**WORK INSTRUCTIONS:**
From the entries that follow, copy exactly the lines beginning at the line holding "proof (induction arbitrary: g" and continuing through the line holding "unfolding g_def by blast+".

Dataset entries
┌──

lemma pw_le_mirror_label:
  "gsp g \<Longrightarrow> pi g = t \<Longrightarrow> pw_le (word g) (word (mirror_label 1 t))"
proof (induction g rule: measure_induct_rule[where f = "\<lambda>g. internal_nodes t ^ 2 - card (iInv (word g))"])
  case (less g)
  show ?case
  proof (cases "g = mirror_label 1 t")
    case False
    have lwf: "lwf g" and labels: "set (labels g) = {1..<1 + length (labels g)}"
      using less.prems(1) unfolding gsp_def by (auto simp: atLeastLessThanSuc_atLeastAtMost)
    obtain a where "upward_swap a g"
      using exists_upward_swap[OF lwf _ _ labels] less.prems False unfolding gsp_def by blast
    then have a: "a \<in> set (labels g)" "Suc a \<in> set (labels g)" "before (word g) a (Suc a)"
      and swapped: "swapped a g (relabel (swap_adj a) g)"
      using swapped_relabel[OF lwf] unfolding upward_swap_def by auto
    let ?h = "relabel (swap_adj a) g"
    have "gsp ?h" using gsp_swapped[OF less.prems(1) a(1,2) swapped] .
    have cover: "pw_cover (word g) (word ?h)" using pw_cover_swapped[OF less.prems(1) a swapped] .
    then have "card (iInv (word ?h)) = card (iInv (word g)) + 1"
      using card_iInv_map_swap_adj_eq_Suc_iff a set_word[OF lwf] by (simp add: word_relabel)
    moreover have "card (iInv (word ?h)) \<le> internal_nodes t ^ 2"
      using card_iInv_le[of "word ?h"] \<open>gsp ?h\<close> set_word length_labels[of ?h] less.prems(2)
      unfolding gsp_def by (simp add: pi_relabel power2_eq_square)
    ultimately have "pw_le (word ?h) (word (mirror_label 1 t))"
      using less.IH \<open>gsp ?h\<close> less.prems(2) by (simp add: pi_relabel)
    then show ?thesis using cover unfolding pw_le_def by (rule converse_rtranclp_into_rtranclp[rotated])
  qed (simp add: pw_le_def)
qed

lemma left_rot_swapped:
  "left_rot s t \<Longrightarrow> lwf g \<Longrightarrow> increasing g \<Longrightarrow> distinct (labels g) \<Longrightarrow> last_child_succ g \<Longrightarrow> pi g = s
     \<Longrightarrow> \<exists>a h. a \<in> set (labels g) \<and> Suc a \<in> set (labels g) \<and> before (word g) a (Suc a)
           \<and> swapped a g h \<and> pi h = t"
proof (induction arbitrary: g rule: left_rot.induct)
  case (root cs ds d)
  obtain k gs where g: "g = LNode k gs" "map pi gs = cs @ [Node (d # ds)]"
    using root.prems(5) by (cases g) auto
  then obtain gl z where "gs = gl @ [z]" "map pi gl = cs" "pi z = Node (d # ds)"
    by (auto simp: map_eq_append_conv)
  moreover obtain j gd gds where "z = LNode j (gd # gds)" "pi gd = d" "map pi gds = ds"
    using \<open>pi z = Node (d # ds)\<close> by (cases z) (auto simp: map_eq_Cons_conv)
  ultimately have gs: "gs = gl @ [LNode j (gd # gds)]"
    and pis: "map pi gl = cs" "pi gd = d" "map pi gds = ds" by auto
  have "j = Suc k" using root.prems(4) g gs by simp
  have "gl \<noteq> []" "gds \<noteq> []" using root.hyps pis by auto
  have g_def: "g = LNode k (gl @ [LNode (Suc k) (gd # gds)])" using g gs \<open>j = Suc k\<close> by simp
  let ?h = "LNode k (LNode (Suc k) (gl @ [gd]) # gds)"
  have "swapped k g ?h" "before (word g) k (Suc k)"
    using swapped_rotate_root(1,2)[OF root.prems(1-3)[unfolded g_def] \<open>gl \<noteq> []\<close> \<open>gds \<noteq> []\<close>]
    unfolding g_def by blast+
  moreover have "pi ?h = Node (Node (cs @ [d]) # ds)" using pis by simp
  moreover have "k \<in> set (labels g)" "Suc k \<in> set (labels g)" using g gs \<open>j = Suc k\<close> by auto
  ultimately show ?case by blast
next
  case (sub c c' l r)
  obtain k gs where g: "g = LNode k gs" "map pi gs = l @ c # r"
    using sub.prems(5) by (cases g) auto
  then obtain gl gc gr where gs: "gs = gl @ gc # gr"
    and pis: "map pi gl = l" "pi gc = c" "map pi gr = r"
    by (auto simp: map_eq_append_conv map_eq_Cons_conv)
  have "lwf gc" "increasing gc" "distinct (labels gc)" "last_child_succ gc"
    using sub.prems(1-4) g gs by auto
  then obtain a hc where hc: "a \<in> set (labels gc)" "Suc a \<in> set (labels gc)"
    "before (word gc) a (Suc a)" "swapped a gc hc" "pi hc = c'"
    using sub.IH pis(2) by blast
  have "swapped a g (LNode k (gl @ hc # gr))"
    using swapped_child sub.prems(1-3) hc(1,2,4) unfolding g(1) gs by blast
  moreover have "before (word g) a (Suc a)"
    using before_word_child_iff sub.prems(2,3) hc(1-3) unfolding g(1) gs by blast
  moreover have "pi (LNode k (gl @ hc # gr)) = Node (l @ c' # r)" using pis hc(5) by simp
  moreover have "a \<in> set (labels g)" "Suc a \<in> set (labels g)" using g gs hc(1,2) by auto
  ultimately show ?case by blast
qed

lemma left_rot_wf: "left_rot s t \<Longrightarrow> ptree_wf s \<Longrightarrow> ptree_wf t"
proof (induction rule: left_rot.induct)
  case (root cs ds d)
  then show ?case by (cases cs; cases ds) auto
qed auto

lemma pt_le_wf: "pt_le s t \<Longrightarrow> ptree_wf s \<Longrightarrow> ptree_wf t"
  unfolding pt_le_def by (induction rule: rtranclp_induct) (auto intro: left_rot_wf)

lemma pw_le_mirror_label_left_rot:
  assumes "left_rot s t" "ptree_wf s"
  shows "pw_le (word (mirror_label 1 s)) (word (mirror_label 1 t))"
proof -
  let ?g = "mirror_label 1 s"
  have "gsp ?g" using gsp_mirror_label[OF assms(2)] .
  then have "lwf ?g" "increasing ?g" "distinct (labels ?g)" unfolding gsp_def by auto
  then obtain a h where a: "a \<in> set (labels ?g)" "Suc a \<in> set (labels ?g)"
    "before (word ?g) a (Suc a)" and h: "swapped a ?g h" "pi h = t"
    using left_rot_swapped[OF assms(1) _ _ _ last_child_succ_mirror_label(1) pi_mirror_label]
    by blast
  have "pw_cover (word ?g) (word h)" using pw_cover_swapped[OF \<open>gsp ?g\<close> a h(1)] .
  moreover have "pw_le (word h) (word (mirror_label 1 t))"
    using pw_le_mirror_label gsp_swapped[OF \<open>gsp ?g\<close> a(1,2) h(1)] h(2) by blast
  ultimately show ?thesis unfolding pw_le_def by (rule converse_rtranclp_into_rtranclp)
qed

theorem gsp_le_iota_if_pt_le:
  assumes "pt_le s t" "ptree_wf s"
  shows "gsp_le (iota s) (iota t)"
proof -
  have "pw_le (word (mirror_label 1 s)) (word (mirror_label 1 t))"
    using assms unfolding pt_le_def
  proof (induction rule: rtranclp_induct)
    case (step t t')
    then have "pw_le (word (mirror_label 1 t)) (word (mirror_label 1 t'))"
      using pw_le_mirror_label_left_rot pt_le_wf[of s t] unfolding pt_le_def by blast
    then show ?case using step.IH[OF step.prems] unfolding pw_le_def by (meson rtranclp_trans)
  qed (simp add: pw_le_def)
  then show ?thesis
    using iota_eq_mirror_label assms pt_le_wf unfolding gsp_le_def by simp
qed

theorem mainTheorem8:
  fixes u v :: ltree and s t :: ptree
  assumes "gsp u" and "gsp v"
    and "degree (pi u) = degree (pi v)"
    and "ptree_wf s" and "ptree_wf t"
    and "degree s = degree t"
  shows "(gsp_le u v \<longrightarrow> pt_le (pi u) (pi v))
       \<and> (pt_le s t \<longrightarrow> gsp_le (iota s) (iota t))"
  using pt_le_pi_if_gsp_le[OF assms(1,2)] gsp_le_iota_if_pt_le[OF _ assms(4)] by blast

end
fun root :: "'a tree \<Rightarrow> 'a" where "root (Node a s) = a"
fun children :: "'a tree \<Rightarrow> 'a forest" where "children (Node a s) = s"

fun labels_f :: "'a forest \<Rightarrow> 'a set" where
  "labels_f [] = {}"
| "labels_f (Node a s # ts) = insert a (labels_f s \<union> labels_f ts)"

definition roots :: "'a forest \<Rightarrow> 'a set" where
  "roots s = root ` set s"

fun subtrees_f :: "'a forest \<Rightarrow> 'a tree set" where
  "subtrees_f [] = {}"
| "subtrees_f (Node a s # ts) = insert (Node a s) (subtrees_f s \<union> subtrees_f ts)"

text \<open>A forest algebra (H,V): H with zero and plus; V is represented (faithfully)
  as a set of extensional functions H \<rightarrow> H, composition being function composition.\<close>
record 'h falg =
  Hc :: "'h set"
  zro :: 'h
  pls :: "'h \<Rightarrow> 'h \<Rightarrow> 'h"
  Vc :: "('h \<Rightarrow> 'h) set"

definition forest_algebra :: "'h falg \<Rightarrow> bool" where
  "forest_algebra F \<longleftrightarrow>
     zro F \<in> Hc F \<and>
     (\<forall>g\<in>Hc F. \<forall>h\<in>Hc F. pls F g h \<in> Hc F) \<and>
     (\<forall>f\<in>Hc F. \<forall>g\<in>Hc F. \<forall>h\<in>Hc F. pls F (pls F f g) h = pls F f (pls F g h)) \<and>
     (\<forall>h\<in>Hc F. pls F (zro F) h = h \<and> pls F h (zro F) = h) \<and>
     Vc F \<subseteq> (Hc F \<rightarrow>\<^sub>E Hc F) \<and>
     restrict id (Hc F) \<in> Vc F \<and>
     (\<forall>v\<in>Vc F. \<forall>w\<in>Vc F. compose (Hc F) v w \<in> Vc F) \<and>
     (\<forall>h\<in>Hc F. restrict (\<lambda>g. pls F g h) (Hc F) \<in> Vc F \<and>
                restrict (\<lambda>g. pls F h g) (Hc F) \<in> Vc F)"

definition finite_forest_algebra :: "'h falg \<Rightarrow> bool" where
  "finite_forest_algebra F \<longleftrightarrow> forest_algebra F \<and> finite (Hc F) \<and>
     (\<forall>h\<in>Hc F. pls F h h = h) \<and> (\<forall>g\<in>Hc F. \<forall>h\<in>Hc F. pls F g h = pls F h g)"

└──
┌──

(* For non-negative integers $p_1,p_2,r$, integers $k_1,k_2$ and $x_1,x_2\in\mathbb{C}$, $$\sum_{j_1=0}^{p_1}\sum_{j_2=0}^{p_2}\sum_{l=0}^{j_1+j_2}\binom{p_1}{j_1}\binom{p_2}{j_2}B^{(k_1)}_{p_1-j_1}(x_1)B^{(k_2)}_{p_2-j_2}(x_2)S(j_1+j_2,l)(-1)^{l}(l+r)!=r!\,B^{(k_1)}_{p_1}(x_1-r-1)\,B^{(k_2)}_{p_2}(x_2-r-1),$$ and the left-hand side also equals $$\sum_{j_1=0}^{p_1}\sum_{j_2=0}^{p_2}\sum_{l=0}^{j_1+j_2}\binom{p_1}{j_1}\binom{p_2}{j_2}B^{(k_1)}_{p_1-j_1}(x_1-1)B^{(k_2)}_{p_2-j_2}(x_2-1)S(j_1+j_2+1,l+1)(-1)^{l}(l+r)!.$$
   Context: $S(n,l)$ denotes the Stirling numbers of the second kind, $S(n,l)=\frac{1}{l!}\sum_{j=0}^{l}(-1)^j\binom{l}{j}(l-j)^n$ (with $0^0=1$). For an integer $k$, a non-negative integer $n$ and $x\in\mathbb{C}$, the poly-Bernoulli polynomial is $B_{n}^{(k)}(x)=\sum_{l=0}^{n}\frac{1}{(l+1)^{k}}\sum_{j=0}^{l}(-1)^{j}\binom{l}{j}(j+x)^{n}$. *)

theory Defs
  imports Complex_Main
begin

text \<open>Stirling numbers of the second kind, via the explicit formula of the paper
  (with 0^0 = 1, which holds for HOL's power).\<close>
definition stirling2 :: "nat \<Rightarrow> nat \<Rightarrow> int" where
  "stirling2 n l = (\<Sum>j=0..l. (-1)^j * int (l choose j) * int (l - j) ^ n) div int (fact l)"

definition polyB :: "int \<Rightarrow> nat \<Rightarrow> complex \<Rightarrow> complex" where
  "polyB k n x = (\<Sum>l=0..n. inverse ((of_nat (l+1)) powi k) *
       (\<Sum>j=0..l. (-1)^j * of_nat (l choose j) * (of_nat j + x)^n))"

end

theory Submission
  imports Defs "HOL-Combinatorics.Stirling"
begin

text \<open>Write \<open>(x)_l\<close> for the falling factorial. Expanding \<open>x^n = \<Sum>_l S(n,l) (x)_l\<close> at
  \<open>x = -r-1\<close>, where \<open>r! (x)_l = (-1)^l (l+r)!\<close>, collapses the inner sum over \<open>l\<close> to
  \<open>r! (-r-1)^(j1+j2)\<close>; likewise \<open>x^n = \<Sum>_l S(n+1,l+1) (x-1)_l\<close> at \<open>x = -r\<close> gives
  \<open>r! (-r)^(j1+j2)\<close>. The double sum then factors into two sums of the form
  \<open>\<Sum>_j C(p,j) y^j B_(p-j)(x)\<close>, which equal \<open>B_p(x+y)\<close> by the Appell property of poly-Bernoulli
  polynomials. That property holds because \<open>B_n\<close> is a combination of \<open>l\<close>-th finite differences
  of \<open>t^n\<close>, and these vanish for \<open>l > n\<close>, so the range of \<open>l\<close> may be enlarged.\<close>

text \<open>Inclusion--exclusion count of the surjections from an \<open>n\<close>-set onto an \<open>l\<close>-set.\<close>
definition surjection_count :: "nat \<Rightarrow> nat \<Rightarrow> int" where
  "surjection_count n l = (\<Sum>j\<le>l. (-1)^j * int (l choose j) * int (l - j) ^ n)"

└──

**ANSWER BELOW:**
proof (induction arbitrary: g rule: left_rot.induct)
  case (root cs ds d)
  obtain k gs where g: "g = LNode k gs" "map pi gs = cs @ [Node (d # ds)]"
    using root.prems(5) by (cases g) auto
  then obtain gl z where "gs = gl @ [z]" "map pi gl = cs" "pi z = Node (d # ds)"
    by (auto simp: map_eq_append_conv)
  moreover obtain j gd gds where "z = LNode j (gd # gds)" "pi gd = d" "map pi gds = ds"
    using \<open>pi z = Node (d # ds)\<close> by (cases z) (auto simp: map_eq_Cons_conv)
  ultimately have gs: "gs = gl @ [LNode j (gd # gds)]"
    and pis: "map pi gl = cs" "pi gd = d" "map pi gds = ds" by auto
  have "j = Suc k" using root.prems(4) g gs by simp
  have "gl \<noteq> []" "gds \<noteq> []" using root.hyps pis by auto
  have g_def: "g = LNode k (gl @ [LNode (Suc k) (gd # gds)])" using g gs \<open>j = Suc k\<close> by simp
  let ?h = "LNode k (LNode (Suc k) (gl @ [gd]) # gds)"
  have "swapped k g ?h" "before (word g) k (Suc k)"
    using swapped_rotate_root(1,2)[OF root.prems(1-3)[unfolded g_def] \<open>gl \<noteq> []\<close> \<open>gds \<noteq> []\<close>]
    unfolding g_def by blast+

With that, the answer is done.